| Did this before (Matasano). Doing it now (Latacora). Answers: - The two most important words in your business plan are "segmentation" and "qualification". While being open to lots of different kinds of projects, try to pick 1 or 2 kinds of projects that you can standardize and package. It's easier to succeed selling a couple things well than it is to succeed selling everything just adequately. - Pick a kind of customer you want to work with. Aim on the higher-end side. Build collateral that will appeal to those customers: case studies, how-tos, industry news bulletins, open source packages. Find places to meet those kinds of customers and introduce yourself to them. You'll get wildly different answers on how well cold-calling and cold emails work (nobody will disagree that LinkedIn private messages do not work). My take is: if you're good at cold calling, cold call; otherwise, don't bother. - Which you prioritize depends on where you are, but I'd prioritize content and collateral that you can use either locally or online. Again: build packaging around just a few offerings, and try to make that packaging unique. It should feel producty, and the way in which you turn your team into a product should communicate something interesting about your worldview. - I don't think you should sell yourselves an available subcontractor. For the subs, good sub relationships are bought, not sold: if you advertise yourself as being willing to sub, you're communicating something about your willingness to get rolled. Your best sub relationships will come from bumping into people at shared large clients. - No, don't have mentors or coaches, at least in a formal way. - No, do not hire a salesperson. The world of employed account managers is divided into good salespeople, who can work anywhere they want to and don't want to work for your small consulting firm, and bad salespeople whose real talent is selling people like you on getting paid a salary without helping the business. It's incredibly hard to hire and manage a sales team and most consulting shops --- let alone the young ones --- don't have sales teams. The ones that do tend to have been founded in part by a salesperson. Since that's not you, good news: you're many years away from having to worry about this. Act like salespeople don't exist. Bonus advice: - Bill weekly, or at worst daily. Never bill hourly. - Raise your rates. |
If you bill hourly, people will attempt to attain an intimate knowledge of the comings and goings of what you do in order to get more out of you for less money, and this will be irritating, and they will also demand that you produce itemised invoices, which will, in itself, be time-consuming and even more irritating. Tell them that your minimum billable unit of time to complete a task (any task) is a day - tell them that it's a resourcing requirement, or just tell them nothing (if you're not brave, then half a day just about works too - but nothing more granular than that, ever).

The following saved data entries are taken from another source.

text \<open>Below, the inverse of a function is written \<open>inv_into UNIV\<close>: plain \<open>inv\<close> parses as the
  group inverse of HOL-Algebra, which is imported along with Jordan_Normal_Form.\<close>

lemma Kn_support_dominated:
  assumes "cartan_finite A d" "x \<in> weyl A"
  shows "\<exists>F. finite F \<and> (\<forall>\<gamma>\<in>ser_supp (Kn A x n). inv_into UNIV x \<gamma> \<in> dominated_by A F)"
proof (cases "n \<le> 2")
  case True
  then show ?thesis using finite_ser_supp_Kn_low_degree[OF assms(1) True]
    by (intro exI[of _ "inv_into UNIV x ` ser_supp (Kn A x n)"]) (auto intro: self_mem_dominated_by)
next
  case False
  have "inj x" using weyl_bij[OF assms] by (rule bij_is_inj)
  have "inv_into UNIV x \<gamma> \<in> dominated_by A {0}" if \<gamma>: "\<gamma> \<in> ser_supp (Kn A x n)" for \<gamma>
  proof -
    have "\<gamma> \<in> (\<lambda>\<alpha>. x (- \<alpha>)) ` Qpos A"
      using \<gamma> ser_supp_Kn_high_degree[OF assms(2), of n] False by auto
    then obtain \<alpha> where "\<alpha> \<in> Qpos A" "\<gamma> = x (- \<alpha>)" by blast
    then show ?thesis unfolding dominated_by_def using inv_f_f[OF \<open>inj x\<close>]
      by (intro CollectI exI[of _ 0] exI[of _ \<alpha>]) simp
  qed
  then show ?thesis by blast
qed

section \<open>The inverse of the framing matrix and the pairing on the coset\<close>

lemma det_on_eq_det_mat:
  fixes B :: "nat \<Rightarrow> nat \<Rightarrow> int"
  assumes f: "bij_betw f {0..<n} V"
  shows "rat_of_int (det_on V B) = det (mat n n (\<lambda>(i, j). rat_of_int (B (f i) (f j))))"
proof -
  define f' where "f' = inv_into {0..<n} f"
  have f'f: "\<And>i. i \<in> {0..<n} \<Longrightarrow> f' (f i) = i"
    unfolding f'_def using f bij_betw_inv_into_left by fast
  have fV: "\<And>i. i < n \<Longrightarrow> f i \<in> V" using f by (auto dest: bij_betwE)
  define \<Phi> where "\<Phi> = (\<lambda>\<pi> x. if x \<in> V then f (\<pi> (f' x)) else x)"
  have \<Phi>: "bij_betw \<Phi> {\<pi>. \<pi> permutes {0..<n}} {\<pi>. \<pi> permutes V}"
    unfolding \<Phi>_def f'_def by (rule bij_betw_permutations[OF f])
  have "det_on V B = (\<Sum>q\<in>{\<pi>. \<pi> permutes {0..<n}}. sign (\<Phi> q) * (\<Prod>v\<in>V. B v (\<Phi> q v)))"
    unfolding det_on_def by (rule sum.reindex_bij_betw[OF \<Phi>, symmetric])
  also have "\<dots> = (\<Sum>q\<in>{\<pi>. \<pi> permutes {0..<n}}. sign q * (\<Prod>i\<in>{0..<n}. B (f i) (f (q i))))"
  proof (intro sum.cong refl)
    fix q assume q: "q \<in> {\<pi>. \<pi> permutes {0..<n}}"
    have "permutes_bij_finite q {0..<n} V f f'"
      unfolding permutes_bij_finite_def permutes_bij_finite_axioms_def permutes_bij_def
      using q f f'f by auto
    then have "sign (\<Phi> q) = sign q"
      using permutes_bij_finite.sign_p' unfolding \<Phi>_def by fastforce
    moreover have "(\<Prod>v\<in>V. B v (\<Phi> q v)) = (\<Prod>i\<in>{0..<n}. B (f i) (\<Phi> q (f i)))"
      by (rule prod.reindex_bij_betw[OF f, symmetric])
    moreover have "\<dots> = (\<Prod>i\<in>{0..<n}. B (f i) (f (q i)))"
      using f'f fV unfolding \<Phi>_def by (intro prod.cong refl) auto
    ultimately show "sign (\<Phi> q) * (\<Prod>v\<in>V. B v (\<Phi> q v)) = sign q * (\<Prod>i\<in>{0..<n}. B (f i) (f (q i)))"
      by simp
  qed
  finally have "rat_of_int (det_on V B) = (\<Sum>q\<in>{\<pi>. \<pi> permutes {0..<n}}.
      of_int (sign q) * (\<Prod>i\<in>{0..<n}. rat_of_int (B (f i) (f (q i)))))"
    by simp
  also have "\<dots> = det (mat n n (\<lambda>(i, j). rat_of_int (B (f i) (f j))))"
    unfolding det_def'[OF mat_carrier]
  proof (intro sum.cong refl)
    fix q assume "q \<in> {\<pi>. \<pi> permutes {0..<n}}"
    then have "\<And>i. i \<in> {0..<n} \<Longrightarrow> q i < n" using permutes_in_image by fastforce
    then show "of_int (sign q) * (\<Prod>i\<in>{0..<n}. rat_of_int (B (f i) (f (q i))))
      = of_int (sign q) * (\<Prod>i = 0..<n. mat n n (\<lambda>(i, j). rat_of_int (B (f i) (f j))) $$ (i, q i))"
      by (intro arg_cong2[where f = "(*)"] refl prod.cong) auto
  qed
  finally show ?thesis .
qed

If you're working with any decently sized kind of enterprise, almost any reasonable rate you can imagine will be absolutely fine - worrying about $800 vs $1000 vs $1200 per day is utterly pointless; pick the highest number you dare and if they want to work with you it will be fine, and if they didn't want to work with you, the rate wasn't the problem anyway. I once charged a client ~$15,000 for a week's work, because they needed it in a hurry; I thought I was being outrageous (because the work was very easy and very repetitive), but they went for it. Later they accidentally sent me the pitch deck they had sent to their client, which included their costs, and I found they were charging ~$25,000 for the technical side of a $90,000 project - they made $10,000 on the bit my consultancy did, and a hell of a lot more on the rest. So yeah, raise your rates.